Осипов случайно упал на сержанта, командира оборонявшегося здесь отделения.
Тот, перепугавшись, пытался стряхнуть с себя разведчика, но места было мало, и это ему не удавалось. Наконец подбежали солдаты, навалились на разведчиков. Освободившийся сержант схватил карабин, направил его в грудь Осипову.
- Подожди стрелять,- сказал Кирилл.- Мы русские. Отведи нас к командиру.
Сержант немного вроде успокоился, но оружия не опускал и не сводил с разведчиков взгляда. Потом он и еще один боец повели их в тыл.
Командира роты на наблюдательном пункте не оказалось. Был политрук. Он принял задержанных за лазутчиков и коротко приказал:
- К стенке их. Это гитлеровские сволочи.
Осипов убеждал политрука, что тот поступает неправильно. Даже если они вражеские агенты, нужно доставить их в полк.
- Дорогой убежать хотите? - сощурил глаза политрук.
Подумать только - пройти через такие испытания, чтобы оказаться у своих, и тут погибнуть таким нелепым образом.
Откровенно говоря, разведчики не могли винить политрука, заподозрившего их в шпионаже. Может, и они сами поступили бы так же, находясь в его положении. Но разве от этого легче?
Когда уже не оставалось никакой надежды и Осипов подумывал, не попытаться ли убежать от конвоиров, появился наконец командир роты. Это был немолодой уже старший лейтенант, на вид суровый и строгий. Он распорядился, чтобы Осипова и Тагирова отвели в штаб дивизии.
Командир дивизии находился в домике, крытом соломой.
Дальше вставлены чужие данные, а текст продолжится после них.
(* Let $H$ be a definite Hamiltonian on $(a,b)$ in the limit circle case. Further, let $c>0$, set $r_0 := \bigl(\frac{c}{\det\Omega(a,b)}\bigr)^{\frac 12}$, let $(\hat t,\hat s)$ be the unique compatible pair for $H,r_0$ with constants $c,c$, let $K_H(t;r)$ be the corresponding kernel and $\kappa_H(r)$ be produced by the algorithm below. Then \[ \log 2\cdot\kappa_H(r)-\bigl(\log r+O(1)\bigr) \le \int_a^b K_H(t;r)\,\mathrm{d}t \le 2e\cdot\kappa_H(r)\bigl(\log r+O(1)\bigr) \] for $r>r_0$. The expressions $O(1)$ depend only on $c$ and $\operatorname{tr}\Omega(a,b)$; explicitly, \[ \int_a^b K_H(t;r)\,\mathrm{d}t\ge \kappa_H(r)\log 2-\Bigl[\log r+\log\frac{2\operatorname{tr}\Omega(a,b)}{\sqrt c}\Bigr],\qquad \int_a^b K_H(t;r)\,\mathrm{d}t\le 2e\kappa_H(r)\Bigl[\log r+\log\frac{\operatorname{tr}\Omega(a,b)}{2\sqrt c}+1\Bigr]. \]
   Context: Let $-\infty<a<b\le\infty$. A Hamiltonian on $(a,b)$ is a measurable $H:(a,b)\to\mathbb{R}^{2\times 2}$, locally integrable on $(a,c)$ for $c<b$, with $H(t)\ge0$ a.e. and $\{H=0\}$ null; $H=\begin{pmatrix}h_1&h_3\\ h_3&h_2\end{pmatrix}$. It is in the limit circle case if $\int_a^b\operatorname{tr}H<\infty$, and definite if there is no $\phi$ with $H(t)=\operatorname{tr}H(t)\,\xi_\phi\xi_\phi^T$ a.e. on $(a,b)$, $\xi_\phi=(\cos\phi,\sin\phi)^T$. Set $\Omega(s,t)=\int_s^tH(u)\,\mathrm{d}u$, $\omega_j(s,t)=\int_s^th_j$. The (unique) compatible pair $(\hat t,\hat s)$ for $H,r_0$ with constants $c,c$ is given by $\det\Omega(a,\hat t(r))=\frac{c}{r^2}$ for $r>r_0$ and $\det\Omega(\hat s(t;r),t)=\frac{c}{r^2}$, $\hat s(t;r)\le t$, for $t\ge\hat t(r)$. Kernel: $K_H(t;r):=\mathbf{1}_{[a,\hat t(r))}(t)\frac{\omega_2(a,t)h_1(t)}{\frac{c}{r^2}+(\omega_3(a,t))^2}+\mathbf{1}_{[\hat t(r),b)}(t)\frac{h_1(t)}{\omega_1(\hat s(t;r),t)}$. Algorithm: for $r>0$ set $\sigma_0^{(r)}:=a$; if $\det\Omega(\sigma_{j-1}^{(r)},b)>\frac{c}{r^2}$, let $\sigma_j^{(r)}\in(\sigma_{j-1}^{(r)},b)$ be the unique point with $\det\Omega(\sigma_{j-1}^{(r)},\sigma_j^{(r)})=\frac{c}{r^2}$; otherwise set $\sigma_j^{(r)}:=b$ and $\kappa_H(r):=j$ and stop. *)

theory Defs
  imports "HOL-Analysis.Analysis"
begin

text \<open>A Hamiltonian H = [[h1,h3],[h3,h2]] on the interval (a,b), with a real and
  b an extended real (b may be +infinity). Its entries are given as three real functions.\<close>

definition hdom :: "real \<Rightarrow> ereal \<Rightarrow> real set" where
  "hdom a b = {t. a < t \<and> ereal t < b}"

definition is_hamiltonian ::
  "real \<Rightarrow> ereal \<Rightarrow> (real \<Rightarrow> real) \<Rightarrow> (real \<Rightarrow> real) \<Rightarrow> (real \<Rightarrow> real) \<Rightarrow> bool" where
  "is_hamiltonian a b h1 h2 h3 \<longleftrightarrow>
     ereal a < b \<and>
     set_borel_measurable lborel (hdom a b) h1 \<and>
     set_borel_measurable lborel (hdom a b) h2 \<and>
     set_borel_measurable lborel (hdom a b) h3 \<and>
     (\<forall>c. a < c \<and> ereal c < b \<longrightarrow>
        set_integrable lborel {a<..<c} h1 \<and> set_integrable lborel {a<..<c} h2 \<and>
        set_integrable lborel {a<..<c} h3) \<and>
     (AE t in lborel. t \<in> hdom a b \<longrightarrow>
        0 \<le> h1 t \<and> 0 \<le> h2 t \<and> 0 \<le> h1 t * h2 t - (h3 t)\<^sup>2) \<and>
     {t \<in> hdom a b. h1 t = 0 \<and> h2 t = 0 \<and> h3 t = 0} \<in> null_sets lborel"
(* For $n\le 5$ (with $n\ge 4$), any two distinct vertices of $\mathrm{PYR}(n)$ are adjacent, i.e. the skeleton of $\mathrm{PYR}(n)$ is a complete graph. For $n\ge 6$, $\mathrm{PYR}(n)$ has a pair of non-adjacent vertices; e.g. for $n=6$ the vertices with codes $\langle 1,0,0\rangle$ and $\langle 0,1,0\rangle$ are non-adjacent.
   Context: Let $K_n$ be the complete undirected graph on vertex set $\{1,\dots,n\}$ with edge set $E$. A Hamiltonian cycle $\langle 1,i_1,\dots,i_r,n,j_1,\dots,j_{n-r-2}\rangle$ is called a pyramidal tour if $i_1<i_2<\dots<i_r$ and $j_1>j_2>\dots>j_{n-r-2}$; tours are undirected. Let $PT_n$ be the set of all pyramidal tours. For $x\in PT_n$ its characteristic vector $x^v\in\mathbb{R}^E$ has $x^v_e=1$ if edge $e$ lies in $x$ and $0$ otherwise. The pyramidal tours polytope is $\mathrm{PYR}(n)=\operatorname{conv}\{x^v : x\in PT_n\}$. Every pyramidal tour contains the edge $\{1,2\}$; the tour is oriented so that vertex $2$ belongs to the increasing part. The code of $x$ is the $0/1$ vector $x^c=(x^c_3,\dots,x^c_{n-1})$ with $x^c_i=1$ if vertex $i$ is visited in the increasing part of $x$ and $x^c_i=0$ otherwise; $x\mapsto x^c$ is a bijection from $PT_n$ onto $\{0,1\}^{n-3}$. Two vertices are adjacent if the segment joining them is a one-dimensional face of the polytope. *)

theory Defs
  imports "HOL-Analysis.Analysis" "HOL-Library.Function_Algebras"
begin
lemma measure_dilate_pos:
  assumes Q: "Q \<in> cubes_pos M" and k: "k \<ge> 1"
  shows "measure M (cube_set (dilate k Q)) > 0"
proof (cases Q)
  case None
  then have "emeasure M UNIV < \<infinity>" "emeasure M UNIV > 0" using Q by (auto simp: cubes_pos_def cube_set_def)
  then show ?thesis using None by (simp add: dilate_def cube_set_def measure_def enn2real_positive_iff)
next
  case (Some zl)
  then obtain z l where Q': "Q = Some (z, l)" by force
  then have "measure M (Qc z l) \<le> measure M (Qc z (k * l))"
    using k Q by (intro measure_Qc_mono Qc_mono) (auto simp: cubes_pos_Some)
  then show ?thesis using measure_Qc_pos Q Q' by (fastforce simp: cube_set_dilate_Some)
qed

lemma measure_dilate_mono:
  assumes Q: "Q \<in> cubes_pos M" and k: "k \<le> k'"
  shows "measure M (cube_set (dilate k Q)) \<le> measure M (cube_set (dilate k' Q))"
proof (cases Q)
  case (Some zl)
  then obtain z l where "Q = Some (z, l)" by force
  then show ?thesis
    using k Q by (auto simp: cube_set_dilate_Some cubes_pos_Some intro!: measure_Qc_mono Qc_mono mult_right_mono)
qed (simp add: dilate_def)

lemma Cnorm_antimono_dilation:
  assumes k: "1 \<le> k" "k \<le> k'" and e: "einv p \<le> einv q"
  shows "Cnorm M n p q k' f \<le> Cnorm M n p q k f"
proof -
  have "ennreal (measure M (cube_set (dilate k' Q)) powr (einv p - einv q)) * L
      \<le> ennreal (measure M (cube_set (dilate k Q)) powr (einv p - einv q)) * L"
    if Q: "Q \<in> cubes_pos M" for Q L
    using e measure_dilate_pos[OF Q k(1)] measure_dilate_mono[OF Q k(2)]
    by (intro mult_right_mono ennreal_leI powr_mono2') auto
  then show ?thesis unfolding Cnorm_def by (intro add_right_mono SUP_mono) blast
qed

lemma Cnorm_dilation_invariant:
  assumes k: "1 \<le> k" "1 \<le> k'" and e: "einv p = einv q"
  shows "Cnorm M n p q k' f = Cnorm M n p q k f"
proof -
  have "measure M (cube_set (dilate k' Q)) powr (einv p - einv q)
      = measure M (cube_set (dilate k Q)) powr (einv p - einv q)" if "Q \<in> cubes_pos M" for Q
    using measure_dilate_pos[OF that k(1)] measure_dilate_pos[OF that k(2)] e by simp
  then show ?thesis unfolding Cnorm_def by (intro arg_cong2[where f="(+)"] SUP_cong) auto
qed

lemma Cnorm_equivalent:
  assumes k: "1 < k" "k \<le> k'" and q: "1 \<le> q" "q \<le> p"
  shows "\<exists>C\<ge>1. \<forall>f. locally_integrable M f \<longrightarrow>
           Cnorm M n p q k' f \<le> ennreal C * Cnorm M n p q k f \<and> Cnorm M n p q k f \<le> ennreal C * Cnorm M n p q k' f"
proof (cases q)
  case (real qq)
  note e = einv_exponents[OF q real]
  obtain C where C: "C \<ge> 1"
    and le: "\<And>f. locally_integrable M f \<Longrightarrow> Cnorm M n p q k f \<le> ennreal C * Cnorm M n p q k' f"
    using Cnorm_le_const_mult[OF k e] real by auto
  have "einv p \<le> einv q" using e real by (simp add: einv_def pos_le_divide_eq)
  then have "Cnorm M n p q k' f \<le> Cnorm M n p q k f" for f
    using k by (intro Cnorm_antimono_dilation) auto
  then have "Cnorm M n p q k' f \<le> ennreal C * Cnorm M n p q k f" for f
    by (rule order_trans[OF _ ennreal_le_mult_self[OF C]])
  then show ?thesis using C le by blast
next
  case PInf
  then have "einv p = einv q" using q by (auto simp: einv_def top_unique[unfolded top_ereal_def])
  then have "Cnorm M n p q k' f = Cnorm M n p q k f" for f
    using k by (intro Cnorm_dilation_invariant) auto
  then show ?thesis by (intro exI[of _ 1]) simp
qed (use q in simp)

end
lemma (in prob_space) nn_integral_two_valued:
  assumes "B \<in> events" and "0 \<le> a" and "0 \<le> b"
  shows "(\<integral>\<^sup>+x. ennreal a * indicator B x + ennreal b * indicator (space M - B) x \<partial>M)
    = ennreal (a * prob B + b * (1 - prob B))"
  using assms
  by (simp add: nn_integral_add nn_integral_cmult_indicator emeasure_eq_measure prob_compl
      ennreal_mult[symmetric] ennreal_plus[symmetric] del: ennreal_plus)

locale cf_receiver =
  fixes N0 :: real and K k n :: nat and dk :: "(nat \<Rightarrow> complex) \<times> (nat \<Rightarrow> complex) \<Rightarrow> nat"
  assumes N0_pos: "0 < N0" and receiver: "1 \<le> k" "k \<le> K"
    and dk_measurable: "dk \<in> measurable
      (PiM {..<n} (\<lambda>_. borel) \<Otimes>\<^sub>M PiM ({0..K} - {k}) (\<lambda>_. borel)) (count_space UNIV)"
begin

abbreviation gains where "gains \<equiv> PiM (gain_idx K) (\<lambda>_. cgauss 1)"
abbreviation noises where "noises \<equiv> PiM (noise_idx K n) (\<lambda>_. cgauss N0)"
abbreviation link_noise where "link_noise \<equiv> PiM {..<n} (\<lambda>_. cgauss N0)"

definition decoded ::
    "(nat \<Rightarrow> nat \<Rightarrow> complex) \<Rightarrow> nat \<Rightarrow> ((nat \<times> nat \<Rightarrow> complex) \<times> (nat \<times> nat \<Rightarrow> complex)) set"
  where "decoded x w =
    {\<omega> \<in> space (chan_space N0 K n). dk (observation x w k n \<omega>, incoming K k \<omega>) = w}"

definition decision_region :: "(nat \<times> nat \<Rightarrow> complex) \<Rightarrow> nat \<Rightarrow> (nat \<Rightarrow> complex) set"
  where "decision_region \<gamma> w =
    {y \<in> space link_noise. dk (y, restrict (\<lambda>j. \<gamma> (j, k)) ({0..K} - {k})) = w}"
Когда разведчиков ввели туда, Осипов распорол подкладку рукава, извлек мою записку и вручил ее командиру. Прочитав ее и выслушав разведчиков, тот сразу же позвонил командующему 19-й армией генерал-лейтенанту Коневу.
В ту пору командный пункт генерала Конева находился на Смоленщине, в районе совхоза "Власиха". Туда и доставили наших разведчиков. Командующий армией встретил их в своей палатке:
- Так вы от Болдина? - потом внимательно посмотрел на Осипова. - А вас я где-то видел.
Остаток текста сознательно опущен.